**Records provided**
(* Let $S$ be an eventually regular semigroup with a primitive idempotent $e$. Then the ideal of $S$ generated by $e$ is completely simple (and $J_e$ is the minimum $\mathcal J$-class of $S$).
   Context: $S$ is eventually regular if for each $a\in S$ there are $n\ge1$, $b\in S$ with $a^nba^n=a^n$. An idempotent $e$ is primitive if for every idempotent $f$ with $ef=fe=f$ one has $f=e$. $J_e$ denotes the Green's $\mathcal J$-class of $e$. *)

theory Defs
  imports Main
begin

text \<open>The semigroup S is the whole carrier of a type of class semigroup_mult.\<close>

text \<open>Positive powers in a semigroup: spow a n = a to the power (n+1).\<close>
fun spow :: "'a::semigroup_mult \<Rightarrow> nat \<Rightarrow> 'a" where
  "spow a 0 = a"
| "spow a (Suc n) = spow a n * a"

definition eventually_regular :: "'a::semigroup_mult itself \<Rightarrow> bool" where
  "eventually_regular _ \<longleftrightarrow>
     (\<forall>a::'a. \<exists>n::nat. \<exists>b. spow a n * b * spow a n = spow a n)"

definition idempotent :: "'a::semigroup_mult \<Rightarrow> bool" where
  "idempotent e \<longleftrightarrow> e * e = e"

text \<open>Primitive idempotent of a subsemigroup T (T = UNIV for S itself).\<close>
definition primitive_in :: "'a::semigroup_mult set \<Rightarrow> 'a \<Rightarrow> bool" where
  "primitive_in T e \<longleftrightarrow> e \<in> T \<and> idempotent e \<and>
     (\<forall>f\<in>T. idempotent f \<and> e * f = f \<and> f * e = f \<longrightarrow> f = e)"

definition principal_ideal :: "'a::semigroup_mult \<Rightarrow> 'a set" where
  "principal_ideal a = {x. x = a \<or> (\<exists>s. x = s * a) \<or> (\<exists>t. x = a * t) \<or> (\<exists>s t. x = s * a * t)}"

definition J_rel :: "'a::semigroup_mult \<Rightarrow> 'a \<Rightarrow> bool" where
  "J_rel a b \<longleftrightarrow> principal_ideal a = principal_ideal b"

definition J_class :: "'a::semigroup_mult \<Rightarrow> 'a set" where
  "J_class a = {b. J_rel a b}"

definition J_le :: "'a::semigroup_mult set \<Rightarrow> 'a set \<Rightarrow> bool" where
  "J_le A B \<longleftrightarrow> (\<forall>a\<in>A. \<forall>b\<in>B. principal_ideal a \<subseteq> principal_ideal b)"

definition minimum_J_class :: "'a::semigroup_mult set \<Rightarrow> bool" where
  "minimum_J_class C \<longleftrightarrow> (\<exists>c. C = J_class c) \<and> (\<forall>a. J_le C (J_class a))"

definition subsemigroup :: "'a::semigroup_mult set \<Rightarrow> bool" where
  "subsemigroup T \<longleftrightarrow> (\<forall>x\<in>T. \<forall>y\<in>T. x * y \<in> T)"

definition ideal_of :: "'a::semigroup_mult set \<Rightarrow> 'a set \<Rightarrow> bool" where
  "ideal_of T I \<longleftrightarrow> I \<noteq> {} \<and> I \<subseteq> T \<and>
     (\<forall>t\<in>T. \<forall>x\<in>I. t * x \<in> I \<and> x * t \<in> I)"

definition simple_semigroup :: "'a::semigroup_mult set \<Rightarrow> bool" where
  "simple_semigroup T \<longleftrightarrow> T \<noteq> {} \<and> subsemigroup T \<and> (\<forall>I. ideal_of T I \<longrightarrow> I = T)"

text \<open>Completely simple: simple and possessing a primitive idempotent (Howie).\<close>
definition completely_simple :: "'a::semigroup_mult set \<Rightarrow> bool" where
  "completely_simple T \<longleftrightarrow> simple_semigroup T \<and> (\<exists>e. primitive_in T e)"

end

theory Submission
  imports Defs
begin

text \<open>For any a, the element x = e a e lies in the local monoid e S e. Some power c of x is
  regular, c b c = c, and then c (e b e) is an idempotent below e, hence equal to e by
  primitivity. Since c begins with x, this shows e \<in> S a S: the principal ideal S e S lies
  in every principal ideal, so J_e is the minimum J-class. Inside S e S every ideal I contains
  some x, hence e \<in> (S e S) x (S e S), hence all of S e S = (S e) e (e S).\<close>

lemma spow_Suc_left: "spow a (Suc n) = a * spow a n"
  by (induction n) (simp_all add: mult.assoc)

lemma spow_left_fixed: "e * a = a \<Longrightarrow> e * spow a n = spow a n"
  by (induction n) (simp_all add: mult.assoc[symmetric])

lemma spow_right_fixed: "a * e = a \<Longrightarrow> spow a n * e = spow a n"
  by (induction n) (simp_all add: mult.assoc)

lemma principal_ideal_self: "a \<in> principal_ideal a"
  unfolding principal_ideal_def by blast

lemma principal_ideal_subset:
  "b \<in> principal_ideal a \<Longrightarrow> principal_ideal b \<subseteq> principal_ideal a"
  unfolding principal_ideal_def
  by (auto; metis mult.assoc)

lemma principal_ideal_mult_right: "x \<in> principal_ideal a \<Longrightarrow> x * y \<in> principal_ideal a"
  using principal_ideal_subset[of x a] unfolding principal_ideal_def by blast

lemma principal_ideal_mult_left: "x \<in> principal_ideal a \<Longrightarrow> y * x \<in> principal_ideal a"
  using principal_ideal_subset[of x a] unfolding principal_ideal_def by blast

lemma subsemigroup_principal_ideal: "subsemigroup (principal_ideal a)"
  unfolding subsemigroup_def by (blast intro: principal_ideal_mult_right)

lemma idempotent_mem_principal_ideal_iff:
  assumes "idempotent e"
  shows "e \<in> principal_ideal x \<longleftrightarrow> (\<exists>s t. e = s * x * t)"
  using assms unfolding principal_ideal_def idempotent_def
  by (auto; metis mult.assoc)

lemma mem_principal_ideal_idempotent_iff:
  assumes "idempotent e"
  shows "y \<in> principal_ideal e \<longleftrightarrow> (\<exists>s t. y = s * e * t)"
  using assms unfolding principal_ideal_def idempotent_def
  by (auto; metis mult.assoc)

lemma primitive_absorbs_regular_local:
  assumes "primitive_in UNIV e"
    and ec: "e * c = c" and ce: "c * e = c" and regular: "c * b * c = c"
  shows "c * (e * b * e) = e"
proof -
  have "e * e = e" using assms(1) by (simp add: primitive_in_def idempotent_def)
  have "c * (e * b * e) * (c * (e * b * e)) = (c * e) * b * (e * c) * (e * b * e)"
    by (simp add: mult.assoc)
  also have "\<dots> = c * (e * b * e)" using ec ce regular by (simp add: mult.assoc)
  finally have "idempotent (c * (e * b * e))" by (simp add: idempotent_def)
  moreover have "e * (c * (e * b * e)) = c * (e * b * e)"
    using ec by (simp add: mult.assoc[symmetric])
  moreover have "c * (e * b * e) * e = c * (e * b * e)"
    using \<open>e * e = e\<close> by (simp add: mult.assoc)
  ultimately show ?thesis
    using assms(1) unfolding primitive_in_def by blast
qed

lemma primitive_mem_principal_ideal:
  fixes e :: "'a::semigroup_mult"
  assumes "eventually_regular TYPE('a)" and "primitive_in UNIV e"
  shows "e \<in> principal_ideal a"
proof -
  have "e * e = e" using assms(2) by (simp add: primitive_in_def idempotent_def)
  define x where "x = e * a * e"
  have "e * x = x" "x * e = x"
    unfolding x_def using \<open>e * e = e\<close> by (simp_all add: mult.assoc[symmetric]) (simp add: mult.assoc)
  obtain n b where regular: "spow x n * b * spow x n = spow x n"
    using assms(1) unfolding eventually_regular_def by blast
  have "spow x n * (e * b * e) = e"
    using primitive_absorbs_regular_local[OF assms(2) _ _ regular]
      spow_left_fixed[OF \<open>e * x = x\<close>] spow_right_fixed[OF \<open>x * e = x\<close>] by blast
  moreover obtain w where "spow x n * (e * b * e) = x * w"
  proof (cases n)
    case 0
    then show thesis using that by simp
  next
    case (Suc m)
    then show thesis using that[of "spow x m * (e * b * e)"] spow_Suc_left[of x m] by (metis mult.assoc)
  qed
  ultimately have "e = e * a * (e * w)"
    unfolding x_def by (simp add: mult.assoc)
  then show ?thesis
    using idempotent_mem_principal_ideal_iff[of e a] \<open>e * e = e\<close> idempotent_def by blast
qed

lemma ideal_of_sandwich:
  "ideal_of T I \<Longrightarrow> x \<in> I \<Longrightarrow> p \<in> T \<Longrightarrow> q \<in> T \<Longrightarrow> p * x * q \<in> I"
  unfolding ideal_of_def by blast

lemma simple_principal_ideal_idempotent:
  assumes "idempotent e"
    and bottom: "\<And>x. x \<in> principal_ideal e \<Longrightarrow> e \<in> principal_ideal x"
  shows "simple_semigroup (principal_ideal e)"
  unfolding simple_semigroup_def
proof (intro conjI allI impI)
  let ?T = "principal_ideal e"
  have ee: "e * e = e" using assms(1) by (simp add: idempotent_def)
  show "?T \<noteq> {}" using principal_ideal_self by blast
  show "subsemigroup ?T" by (rule subsemigroup_principal_ideal)
  fix I assume I: "ideal_of ?T I"
  then obtain x where "x \<in> I" "I \<subseteq> ?T" unfolding ideal_of_def by blast
  obtain s t where "e = s * x * t"
    using bottom \<open>x \<in> I\<close> \<open>I \<subseteq> ?T\<close> idempotent_mem_principal_ideal_iff[OF assms(1)] by blast
  \<comment> \<open>multiplying by e on both sides moves the outer factors into the ideal S e S\<close>
  then have "e = (e * s) * x * (t * e)" using ee by (metis mult.assoc)
  then have "e \<in> I"
    using ideal_of_sandwich[OF I \<open>x \<in> I\<close>] principal_ideal_self
      principal_ideal_mult_left principal_ideal_mult_right by metis
  have "?T \<subseteq> I"
  proof
    fix y assume "y \<in> ?T"
    then obtain s t where "y = s * e * t"
      using mem_principal_ideal_idempotent_iff[OF assms(1)] by blast
    then have "y = (s * e) * e * (e * t)" using ee by (metis mult.assoc)
    then show "y \<in> I"
      using ideal_of_sandwich[OF I \<open>e \<in> I\<close>] principal_ideal_self
        principal_ideal_mult_left principal_ideal_mult_right by metis
  qed
  then show "I = ?T" using \<open>I \<subseteq> ?T\<close> by blast
qed

lemma minimum_J_class_if_mem_all_principal_ideals:
  assumes "\<And>a. e \<in> principal_ideal a"
  shows "minimum_J_class (J_class e)"
  using principal_ideal_subset[OF assms]
  unfolding minimum_J_class_def J_le_def J_class_def J_rel_def by auto

theorem lemma3p5:
  fixes e :: "'a::semigroup_mult"
  assumes "eventually_regular TYPE('a)"
    and "primitive_in UNIV e"
  shows "completely_simple (principal_ideal e) \<and> minimum_J_class (J_class e)"
proof
  have bottom: "\<And>a. e \<in> principal_ideal a"
    using primitive_mem_principal_ideal[OF assms] .
  have "idempotent e" using assms(2) by (simp add: primitive_in_def)
  then have "simple_semigroup (principal_ideal e)"
    using simple_principal_ideal_idempotent bottom by blast
  moreover have "primitive_in (principal_ideal e) e"
    using assms(2) principal_ideal_self unfolding primitive_in_def by blast
  ultimately show "completely_simple (principal_ideal e)"
    unfolding completely_simple_def by blast
  show "minimum_J_class (J_class e)"
    using minimum_J_class_if_mem_all_principal_ideals bottom by blast
qed

end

**Problem statement**
Search the entries for the word "proof" and show every line that has it.

**Task solution**
proof -
proof -
  proof (cases n)
proof (intro conjI allI impI)
  proof
proof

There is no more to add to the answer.